This article originally appeared on VICE US.
The Catholic Church might have trouble remembering, but rank-and-file Catholics don't.
The only difficulty one might reasonably claim when it comes to remembering sex abuse by priests in America is the sheer amount there is to recollect. Close your eyes, and go back no further than 2018, perhaps the most spectacularly disastrous year—and certainly summer—for the Church in recent history. In June, Cardinal Theodore McCarrick became the highest-ranking clergyman ever removed from the Catholic ministry in the US over child sex abuse allegations. A month later, McCarrick, a former archbishop of Washington, DC, and confidant to Pope Francis, resigned from the College of Cardinals, the 224-person body that, among its other holy duties, votes on the next pope. According to a bombshell article in the New York Times that highlighted McCarrick's decades of alleged sexual abuse against both minors and seminarians, he declined to comment but said in a previous statement that he had no recollection of the abuse and believed in his own innocence. (Such statements have become a trope for powerful people accused of sexual violence in the era of #MeToo.)
Meanwhile, in August, a Pennsylvania grand jury reported that at least 300 priests had abused 1,000-plus children in a 70-year span in just some of that state's dioceses. The months since have seen the Church scrambling to address allegation after allegation of abuse, cover-up, and despair.
Yet somehow, even as the Vatican has shown the occasional sign of finally taking this nightmare seriously, Cardinal Donald Wuerl, McCarrick's successor as the archbishop of Washington, has decided to play the bad memory card, too.
In October, Cardinal Wuerl resigned from his post in DC following backlash over the Pennsylvania report—it claimed he was one of the priests who covered up abuse while running the show in Pittsburgh. The previous August, he had asserted that, while serving as the bishop in that city, he knew nothing about accusations of relationships between McCarrick and other priests.
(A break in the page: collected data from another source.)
(* Let $N_0\ge 1$ be an integer, $\lambda>0$, and for each $i\in\mathbb{N}$ let $\alpha_i>0$, $\rho_i>0$, and let $\mu_i(j),\sigma_i(j)\in\mathbb{R}$ be given for $j\ge N_0\vee i$. Assume: (i) for each $i\in\mathbb{N}$, the sequences $\{\mu_i(j)\}_{j\ge N_0\vee i}$ and $\{\sigma_i(j)\}_{j\ge N_0\vee i}$ are bounded; (ii) there exist constants $0<\underline{\beta}\le\overline{\beta}$ with $\underline{\beta}\le\beta_i(j)\le\overline{\beta}$ for all $j\ge N_0$ and $1\le i\le j$, where $\beta_i(j)$ is defined in the context. Then there exist real numbers $\{A(j),k_i(j)\}_{j\ge N_0,\,1\le i\le j}$ satisfying, for every $j\ge N_0$ and $1\le i\le j$, $$\frac{1}{A(j)}=\beta_\Sigma(j)+\lambda-\Big(\alpha_\Sigma(j)\sum_{i=1}^j\frac{\lambda A(j+1)e^{-\alpha_i(k_i(j+1)-k_i(j))}}{\alpha_i}\Big)\frac{1}{A(j)},$$ $$k_i(j)=\frac{(\beta_i(j)+\lambda)A(j)-1}{\alpha_i}-\frac{\lambda A(j+1)e^{-\alpha_i(k_i(j+1)-k_i(j))}}{\alpha_i},$$ together with the bounds $$\frac{1}{\overline{\beta}+\lambda}<A(j)\le\frac{1}{\underline{\beta}},\qquad A(j)e^{-\alpha_ik_i(j)}\le\frac{1}{\underline{\beta}},\qquad -\ln\Big(\frac{\overline{\beta}+\lambda}{\underline{\beta}}\Big)\le\alpha_ik_i(j)\le\frac{\overline{\beta}+\lambda}{\underline{\beta}}-1.$$
   Context: For $j\ge N_0$ and $1\le i\le j$ define $\alpha_\Sigma(j):=\big(\sum_{i=1}^j 1/\alpha_i\big)^{-1}$, $\beta_i(j):=\rho_i+\alpha_i\mu_i(j)-\tfrac12\alpha_i^2\sigma_i^2(j)$, $\beta_\Sigma(j):=\alpha_\Sigma(j)\sum_{i=1}^j \beta_i(j)/\alpha_i$. (Assumption (ii) implies $\underline{\beta}\le\beta_\Sigma(j)\le\overline{\beta}$.) *)

theory Defs
  imports Complex_Main
begin

text \<open>Indices i range over the positive integers; alpha, rho :: nat => real,
 mu, sigma :: nat => nat => real with mu i j = mu_i(j).\<close>

definition alpha_Sigma :: "(nat \<Rightarrow> real) \<Rightarrow> nat \<Rightarrow> real" where
  "alpha_Sigma alpha j = inverse (\<Sum>i=1..j. 1 / alpha i)"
However, this past week, Robert Ciolek—a former priest who won a settlement with Church dioceses in New Jersey and had long before reported McCarrick for misconduct—told the Washington Post that he had recently seen evidence that Wuerl knew, and actually informed the Vatican about McCarrick, as early as 2004. Vatican officials confirmed this to the paper, but next came the defense anyway: The Archdiocese of Washington and the Diocese of Pittsburgh both insisted they were protecting Ciolek's confidentiality, with the former arguing that Wuerl's comment had not been deliberately "imprecise"—that his denial had been referring, in particular, to knowledge of McCarrick abusing minors, not him pursuing adult seminarians. In response to that statement, the Post's Editorial Board argued, straight up, that Wuerl lied: "The cardinal’s comments last summer were unequivocal," the paper wrote. "In response to a broad question about 'long-standing rumors or innuendos' posed by a reporter for the archdiocesan newspaper Catholic Standard, he said, 'I had not heard them' before or during his tenure in Washington. That was untrue."
Like McCarrick's evasive excuse, Wuerl's—which he himself provided Tuesday, in what one could only assume was a carefully crafted letter to his archdiocese's priests—emerged as another childish justification, though it did come with a concession.
"It is important for me to accept personal responsibility and apologize for this lapse of memory," he wrote in that letter, before hedging slightly: "There was never the intention to provide false information."
So he's apologizing, but not for his judgement or apparent lies, but rather for his poor cognitive functions.
"It's lacking in truth and substance," Ciolek told the Post, while noting how genuinely regretful Wuerl seemed, or at least claimed to be. "I do not believe for one moment that he forgot."
In the end, Wuerl's tactic is the shrugging off of responsibility, and by not taking blame, even in his comparatively less severe wrongdoing—he didn't, after all, directly do any of this, nor did he keep it to himself, per se—Wuerl set a poor example for other Church leaders who will, inevitably, be asked similar questions in the next few months and beyond. When he resigned as archbishop, Pope Francis accepted, but not, according to the New York Times, without holding "him up as a model for the future unity of the Roman Catholic Church." The pope also allowed him to remain in place until a successor was found.
But Wuerl should not be the pope's shining example—or anyone's. Francis should encourage powerful priests who lied or misled to own up to it. Particularly in light of the dwindling trust the flock has of its establishment: A recent Gallup poll found that the percentage of Catholics with "a 'high' or 'very high' opinion of the honesty and ethical standards of clergy members" dropped 18 percent between 2017 and 2018—from 49 percent to 31.
As if on cue, on Wednesday, the first details finally emerged about the Vatican's much-hyped summit in February, where 100 or so powerful bishops will gather with the pope to address the Church's ongoing sexual abuse crisis. It will include, judging by a press release, "plenary sessions, working groups, moments of common prayer, listening to testimonies, a penitential liturgy, and a final Eucharistic celebration."
I would urge all attending to take good notes—should they return home, and, you know, just forget everything.